Given information Start Marker

lemma indep_image_parallel:
  assumes A: "indep M A" and inj: "inj_on h A" and par: "\<And>p. p \<in> A \<Longrightarrow> parallel M p (h p)"
  shows "indep M (h ` A)"
proof -
  have fixed: "h p = p" if "p \<in> A" "h p \<in> A" for p
    using parallel_eq_if_indep[OF A that par[OF that(1)]] by simp
  have "indep M ((A - F) \<union> h ` F)" if "F \<subseteq> A" for F
  proof -
    have "finite F" using that indep_finite[OF A] finite_subset by blast
    then show ?thesis using that
    proof (induction F rule: finite_induct)
      case empty
      then show ?case using A by simp
    next
      case (insert p F)
      let ?A = "(A - F) \<union> h ` F"
      have IH: "indep M ?A" and p: "p \<in> A" "p \<notin> F" using insert by auto
      show ?case
      proof (cases "h p = p")
        case True
        then have "(A - insert p F) \<union> h ` insert p F = ?A" using p by auto
        then show ?thesis using IH by simp
      next
        case False
        have "p \<notin> h ` F" using fixed insert.prems p by fastforce
        then have "(A - insert p F) \<union> h ` insert p F = insert (h p) (?A - {p})" by auto
        moreover have "h p \<notin> ?A"
          using fixed False p insert.prems inj_on_image_mem_iff[OF inj] by auto
        ultimately show ?thesis
          using indep_exchange_parallel[OF IH _ _ par[OF p(1)]] p by simp
      qed
    qed
  qed
  from this[of A] show ?thesis by simp
qed

lemma indep_of_image_parallel:
  assumes "indep M (h ` J)" "inj_on h J" "\<And>y. y \<in> J \<Longrightarrow> parallel M y (h y)"
  shows "indep M J"
proof -
  have "indep M (inv_into J h ` h ` J)"
  proof (rule indep_image_parallel[OF assms(1)])
    show "inj_on (inv_into J h) (h ` J)" by (rule inj_on_inv_into) simp
    show "parallel M p (inv_into J h p)" if "p \<in> h ` J" for p
      using that assms(2,3) parallel_sym[of M] by auto
  qed
  then show ?thesis using assms(2) by simp
qed

end

lemma matroid_iso_restrict_image_iff:
  assumes "inj_on f (ground N)"
  shows "matroid_iso f N (restrict P (f ` ground N)) \<longleftrightarrow>
    (\<forall>J\<subseteq>ground N. indep N J \<longleftrightarrow> indep P (f ` J))"
  using assms unfolding matroid_iso_def restrict_ground restrict_indep bij_betw_def by blast

lemma row_eq_image: "{e} \<times> A = (\<lambda>x. (e, x)) ` A"
  by auto

lemma column_eq_image: "A \<times> {f} = (\<lambda>x. (x, f)) ` A"
  by auto

locale free_simplification =
  M: finite_matroid M + N: finite_matroid N
  for M :: "'a matroid" and N :: "'b matroid" +
  fixes T :: "'b set"
  assumes indep_T: "indep N T"
    and unique_rep: "\<And>y. y \<in> ground N \<Longrightarrow> \<not> loop N y \<Longrightarrow> \<exists>!t. t \<in> T \<and> parallel N y t"
begin

definition rep :: "'b \<Rightarrow> 'b" where
  "rep y = (THE t. t \<in> T \<and> parallel N y t)"

lemma rep: "y \<in> ground N \<Longrightarrow> \<not> loop N y \<Longrightarrow> rep y \<in> T \<and> parallel N y (rep y)"
  unfolding rep_def by (rule theI'[OF unique_rep])

lemma rep_eq:
  assumes "t \<in> T" "parallel N y t"
  shows "rep y = t"
proof -
  have "y \<in> ground N" "\<not> loop N y" using assms(2) unfolding parallel_def by auto
  then show ?thesis unfolding rep_def using assms by (intro the1_equality[OF unique_rep]) auto
qed

lemma finite_T: "finite T"
  using N.indep_finite[OF indep_T] .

Given information End Marker

The entries above must be returned in full, exactly as shown.

Solution for this exercise —
lemma indep_image_parallel:
  assumes A: "indep M A" and inj: "inj_on h A" and par: "\<And>p. p \<in> A \<Longrightarrow> parallel M p (h p)"
  shows "indep M (h ` A)"
proof -
  have fixed: "h p = p" if "p \<in> A" "h p \<in> A" for p
    using parallel_eq_if_indep[OF A that par[OF that(1)]] by simp
  have "indep M ((A - F) \<union> h ` F)" if "F \<subseteq> A" for F
  proof -
    have "finite F" using that indep_finite[OF A] finite_subset by blast
    then show ?thesis using that
    proof (induction F rule: finite_induct)
      case empty
      then show ?case using A by simp
    next
      case (insert p F)
      let ?A = "(A - F) \<union> h ` F"
      have IH: "indep M ?A" and p: "p \<in> A" "p \<notin> F" using insert by auto
      show ?case
      proof (cases "h p = p")
        case True
        then have "(A - insert p F) \<union> h ` insert p F = ?A" using p by auto
        then show ?thesis using IH by simp
      next
        case False
        have "p \<notin> h ` F" using fixed insert.prems p by fastforce
        then have "(A - insert p F) \<union> h ` insert p F = insert (h p) (?A - {p})" by auto
        moreover have "h p \<notin> ?A"
          using fixed False p insert.prems inj_on_image_mem_iff[OF inj] by auto
        ultimately show ?thesis
          using indep_exchange_parallel[OF IH _ _ par[OF p(1)]] p by simp
      qed
    qed
  qed
  from this[of A] show ?thesis by simp
qed

lemma indep_of_image_parallel:
  assumes "indep M (h ` J)" "inj_on h J" "\<And>y. y \<in> J \<Longrightarrow> parallel M y (h y)"
  shows "indep M J"
proof -
  have "indep M (inv_into J h ` h ` J)"
  proof (rule indep_image_parallel[OF assms(1)])
    show "inj_on (inv_into J h) (h ` J)" by (rule inj_on_inv_into) simp
    show "parallel M p (inv_into J h p)" if "p \<in> h ` J" for p
      using that assms(2,3) parallel_sym[of M] by auto
  qed
  then show ?thesis using assms(2) by simp
qed

end

lemma matroid_iso_restrict_image_iff:
  assumes "inj_on f (ground N)"
  shows "matroid_iso f N (restrict P (f ` ground N)) \<longleftrightarrow>
    (\<forall>J\<subseteq>ground N. indep N J \<longleftrightarrow> indep P (f ` J))"
  using assms unfolding matroid_iso_def restrict_ground restrict_indep bij_betw_def by blast

lemma row_eq_image: "{e} \<times> A = (\<lambda>x. (e, x)) ` A"
  by auto

lemma column_eq_image: "A \<times> {f} = (\<lambda>x. (x, f)) ` A"
  by auto

locale free_simplification =
  M: finite_matroid M + N: finite_matroid N
  for M :: "'a matroid" and N :: "'b matroid" +
  fixes T :: "'b set"
  assumes indep_T: "indep N T"
    and unique_rep: "\<And>y. y \<in> ground N \<Longrightarrow> \<not> loop N y \<Longrightarrow> \<exists>!t. t \<in> T \<and> parallel N y t"
begin

definition rep :: "'b \<Rightarrow> 'b" where
  "rep y = (THE t. t \<in> T \<and> parallel N y t)"

lemma rep: "y \<in> ground N \<Longrightarrow> \<not> loop N y \<Longrightarrow> rep y \<in> T \<and> parallel N y (rep y)"
  unfolding rep_def by (rule theI'[OF unique_rep])

lemma rep_eq:
  assumes "t \<in> T" "parallel N y t"
  shows "rep y = t"
proof -
  have "y \<in> ground N" "\<not> loop N y" using assms(2) unfolding parallel_def by auto
  then show ?thesis unfolding rep_def using assms by (intro the1_equality[OF unique_rep]) auto
qed

lemma finite_T: "finite T"
  using N.indep_finite[OF indep_T] .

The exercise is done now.